Henry John Selwin-Ibbetson, 1st Baron Rookwood, (26 September 1826 – 15 January 1902), known as Sir Henry Selwin-Ibbetson, Bt, from 1869 to 1892, was a British Conservative politician. He served under Benjamin Disraeli as Under-Secretary of State for the Home Department between 1874 and 1878 and as Financial Secretary to the Treasury between 1878 and 1880.

==Background and education==
Born Henry John Selwin, Rookwood was the only son of Sir John Thomas Selwin, 6th Baronet, and his wife Isabella, daughter of General John Leveson-Gower, and was educated at home and at St John's College, Cambridge where he took his degree in 1849.

==Political career==
Selwin-Ibbetson unsuccessfully contested Ipswich in 1857 and 1859 but in 1865 he was successfully returned to Parliament as one of two representatives for Essex South. He later represented Essex West from 1868 to 1885 and Epping from 1885 to 1892. In 1867 he resumed by Royal licence the original family surname of Ibbetson in addition to that of Selwin and the following year he succeeded his father in the baronetcy.

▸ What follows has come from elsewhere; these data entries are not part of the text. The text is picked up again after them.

text \<open>
  Write \<open>q\<^sup>\<mu>(w,B,t) = E[\<psi>\<^sub>\<alpha>(t)] + t B\<close> with \<open>\<psi>\<^sub>\<alpha>(t) = (1+t) g\<^sub>\<alpha>(w\<bullet>\<alpha>/(1+t))\<close> and
  \<open>g\<^sub>\<alpha>(y)\<close> the integral of \<open>H\<^sub>\<alpha>\<close> over \<open>[r(\<alpha>), y]\<close>. Since \<open>H\<^sub>\<alpha>\<close> is monotone with values in [0,1], every \<open>\<psi>\<^sub>\<alpha>\<close> is
  \<open>4\<omega>\<close>-Lipschitz on \<open>(-1/2,\<infinity>)\<close>, so dominated convergence allows differentiating under
  the expectation once \<open>\<psi>\<^sub>\<alpha>\<close> is differentiable at \<open>t\<close> for \<open>F\<close>-almost every \<open>\<alpha>\<close>.
  This can only fail at the kink \<open>w\<bullet>\<alpha>/(1+t) = r(\<alpha>)\<close>, an atom of \<open>K\<^sub>w\<close>, or where \<open>H\<^sub>\<alpha>\<close>
  jumps, i.e. at an atom of \<open>\<lambda>\<^sub>\<alpha>\<close>. The latter means that
  \<open>((1+t) w' - (1+\<mu>(w',B')) w) \<bullet> \<alpha> = 0\<close> on a \<open>G\<close>-positive set of \<open>(w',B')\<close>; by Fubini and
  the densities of \<open>F\<close> and \<open>G\<close> this is a null event, because \<open>\<alpha>\<close> ranges over a hyperplane
  unless \<open>w'\<close> is parallel to \<open>w\<close>, and those \<open>(w',B')\<close> form a set of dimension \<open>2 < d+1\<close>.
  Finally \<open>\<sigma>\<^sub>\<alpha>(x) H\<^sub>\<alpha>(x) = x H\<^sub>\<alpha>(x) - g\<^sub>\<alpha>(x)\<close> identifies the derivative.
\<close>

lemma integral_upper_limit_lipschitz:
  fixes f :: "real \<Rightarrow> real"
  assumes f0: "\<And>x. 0 \<le> f x" and f1: "\<And>x. f x \<le> 1" and m: "mono f"
  shows "\<bar>integral {a..y1} f - integral {a..y2} f\<bar> \<le> \<bar>y1 - y2\<bar>"
proof -
  have int: "f integrable_on {u..v}" for u v
    using m by (intro integrable_on_mono_on) (auto simp: mono_on_def mono_def)
  have bound: "0 \<le> integral {u..v} f \<and> integral {u..v} f \<le> v - u" if "u \<le> v" for u v
  proof
    show "0 \<le> integral {u..v} f" using int f0 by (simp add: integral_nonneg)
    have "integral {u..v} f \<le> integral {u..v} (\<lambda>_. 1::real)"
      using int f1 by (intro integral_le) auto
    then show "integral {u..v} f \<le> v - u" using that by simp
  qed
  have empty: "integral {a..y} f = 0" if "y \<le> a" for y
    using that by (cases "y < a") auto
  have key: "\<bar>integral {a..y1} f - integral {a..y2} f\<bar> \<le> y2 - y1" if "y1 \<le> y2" for y1 y2
  proof (cases "y1 \<le> a")
    case True
    then show ?thesis using bound[of a y2] empty[of y1] empty[of y2] that by (cases "y2 \<le> a") auto
  next
    case False
    have "integral {a..y1} f + integral {y1..y2} f = integral {a..y2} f"
      by (rule Henstock_Kurzweil_Integration.integral_combine) (use that int False in auto)
    then show ?thesis using bound[of y1 y2] that by auto
  qed
  show ?thesis using key[of y1 y2] key[of y2 y1] by (cases "y1 \<le> y2") auto
qed

lemma integral_upper_limit_abs_le:
  fixes f :: "real \<Rightarrow> real"
  assumes "\<And>x. 0 \<le> f x" "\<And>x. f x \<le> 1" "mono f" and a: "0 \<le> a"
  shows "\<bar>integral {a..y} f\<bar> \<le> \<bar>y\<bar>"
proof (cases "y < a")
  case False
  have "\<bar>integral {a..y} f - integral {a..a} f\<bar> \<le> \<bar>y - a\<bar>"
    by (rule integral_upper_limit_lipschitz[OF assms(1-3)])
  then show ?thesis using False a by simp
qed simp

lemma integral_upper_limit_has_real_derivative:
  fixes f :: "real \<Rightarrow> real"
  assumes m: "mono f" and xa: "x \<noteq> a" and c: "a < x \<Longrightarrow> isCont f x"
  shows "((\<lambda>y. integral {a..y} f) has_real_derivative (if a \<le> x then f x else 0)) (at x)"
proof (cases "a < x")
  case True
  have "f integrable_on {a..x+1}"
    using m by (intro integrable_on_mono_on) (auto simp: mono_on_def mono_def)
  then have "((\<lambda>y. integral {a..y} f) has_vector_derivative f x) (at x within {a..x+1})"
    using True c by (intro integral_has_vector_derivative_continuous_at[where S="{}", simplified])
      (auto intro: continuous_at_imp_continuous_at_within)
  then show ?thesis using True
    by (simp add: has_real_derivative_iff_has_vector_derivative at_within_Icc_at)
next
  case False
  have "((\<lambda>y. 0::real) has_real_derivative 0) (at x)" by simp
  then have "((\<lambda>y. integral {a..y} f) has_real_derivative 0) (at x)"
    by (rule has_field_derivative_transform_within_open[where S="{..<a}"]) (use False xa in auto)
  then show ?thesis using False xa by simp
qed

lemma rescaled_integral_has_real_derivative:
  fixes f :: "real \<Rightarrow> real"
  assumes m: "mono f" and t: "0 < 1 + t"
    and kink: "c/(1+t) \<noteq> a" and cont: "a < c/(1+t) \<Longrightarrow> isCont f (c/(1+t))"
  shows "((\<lambda>s. (1+s) * integral {a..c/(1+s)} f) has_real_derivative
     (if a \<le> c/(1+t) then integral {a..c/(1+t)} f - c/(1+t) * f (c/(1+t)) else 0)) (at t)"
proof -
  define x where "x = c/(1+t)"
  define g where "g y = integral {a..y} f" for y
  define g' where "g' = (if a \<le> x then f x else 0)"
  have "(g has_real_derivative g') (at x)"
    unfolding g_def g'_def x_def by (rule integral_upper_limit_has_real_derivative[OF m kink cont])
  moreover have "((\<lambda>s. c/(1+s)) has_real_derivative -c/(1+t)^2) (at t)"
    using t by (auto intro!: derivative_eq_intros simp: power2_eq_square)
  ultimately have "((\<lambda>s. g (c/(1+s))) has_real_derivative g' * (-c/(1+t)^2)) (at t)"
    unfolding x_def by (rule DERIV_chain2)
  moreover have "((\<lambda>s. 1 + s) has_real_derivative 1) (at t)"
    by (auto intro!: derivative_eq_intros)
  ultimately have deriv: "((\<lambda>s. (1+s) * g (c/(1+s))) has_real_derivative
      1 * g x + g' * (-c/(1+t)^2) * (1+t)) (at t)"
    unfolding x_def by (rule DERIV_mult[rotated])
  have "-c/(1+t)^2 * (1+t) = -x" using t by (simp add: x_def power2_eq_square)
  then have "1 * g x + g' * (-c/(1+t)^2) * (1+t) = (if a \<le> x then g x - x * f x else 0)"
    unfolding mult.assoc by (simp add: g_def g'_def)
  with deriv show ?thesis unfolding g_def x_def by simp
qed

lemma rescaled_integral_lipschitz:
  fixes f :: "real \<Rightarrow> real"
  assumes f: "\<And>x. 0 \<le> f x" "\<And>x. f x \<le> 1" "mono f" and a: "0 \<le> a"
    and c: "0 < c" and s1: "-1/2 < s1" and s2: "-1/2 < s2"
  shows "\<bar>(1+s1) * integral {a..c/(1+s1)} f - (1+s2) * integral {a..c/(1+s2)} f\<bar> \<le> 4*c*\<bar>s1 - s2\<bar>"
proof -
  define u1 where "u1 = 1 + s1"
  define u2 where "u2 = 1 + s2"
  define g1 where "g1 = integral {a..c/u1} f"
  define g2 where "g2 = integral {a..c/u2} f"
  have u1: "u1 > 1/2" and u2: "u2 > 1/2" using s1 s2 by (auto simp: u1_def u2_def)
  have "\<bar>g1\<bar> \<le> \<bar>c/u1\<bar>" unfolding g1_def by (rule integral_upper_limit_abs_le[OF f a])
  also have "\<dots> \<le> 2*c" using u1 c by (simp add: field_simps)
  finally have b1: "\<bar>g1\<bar> \<le> 2*c" .
  have "u2 * \<bar>g1 - g2\<bar> \<le> u2 * \<bar>c/u1 - c/u2\<bar>"
    unfolding g1_def g2_def using u2 by (intro mult_left_mono integral_upper_limit_lipschitz[OF f]) auto
  also have "c/u1 - c/u2 = c * (u2 - u1) / (u1 * u2)" using u1 u2 by (simp add: field_simps)
  also have "u2 * \<bar>c * (u2 - u1) / (u1 * u2)\<bar> = c * \<bar>u2 - u1\<bar> / u1"
    using u1 u2 c by (simp add: abs_mult)
  also have "\<dots> \<le> c * \<bar>u2 - u1\<bar> / (1/2)" using u1 c by (intro divide_left_mono) auto
  also have "\<dots> = 2*c*\<bar>u2 - u1\<bar>" by simp
  finally have b2: "u2 * \<bar>g1 - g2\<bar> \<le> 2*c*\<bar>u2 - u1\<bar>" .
  have "\<bar>u1*g1 - u2*g2\<bar> = \<bar>(u1 - u2)*g1 + u2*(g1 - g2)\<bar>" by (simp add: algebra_simps)
  also have "\<dots> \<le> \<bar>u1 - u2\<bar>*\<bar>g1\<bar> + u2*\<bar>g1 - g2\<bar>" using u2 by (simp add: abs_mult abs_triangle_ineq[THEN order_trans])
  also have "\<dots> \<le> \<bar>u1 - u2\<bar>*(2*c) + 2*c*\<bar>u2 - u1\<bar>" using b1 b2 by (intro add_mono mult_left_mono) auto
  finally show ?thesis by (simp add: u1_def u2_def g1_def g2_def abs_minus_commute)
qed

When the Conservatives came to power in 1874 under Benjamin Disraeli Rookwood refused the office of Chairman of the Committee of Ways and Means (Deputy Speaker of the House of Commons). Disraeli instead appointed him Under-Secretary of State for the Home Department, a position he held until 1878, and was then Financial Secretary to the Treasury from 1878 to 1880. In 1879 he declined to become Governor of New South Wales. He was later Second Church Estate Commissioner between 1885 and 1886 and 1886 to 1892. On his retirement from the House of Commons in 1892 he was raised to the peerage as Baron Rookwood, of Rookwood Hall and Down Hall, both in the County of Essex. Lord Rookwood "secured Epping Forest for the public".

==Family==
Lord Rookwood married firstly the Hon. Sarah Elizabeth Copley, eldest daughter and co-heiress of Lord Chancellor John Copley, 1st Baron Lyndhurst, in 1850. After her death in 1865 he married secondly Eden Thackrah, daughter of George Thackrah and widow of his first cousin Sir Charles Henry Ibbetson, 5th Baronet, in 1867. After her death in 1899 he married thirdly Sophia Harriet Lawrell (c. 1841 – 30 July 1932), daughter of Digby Lawrell, in 1900. There were no children from the three marriages.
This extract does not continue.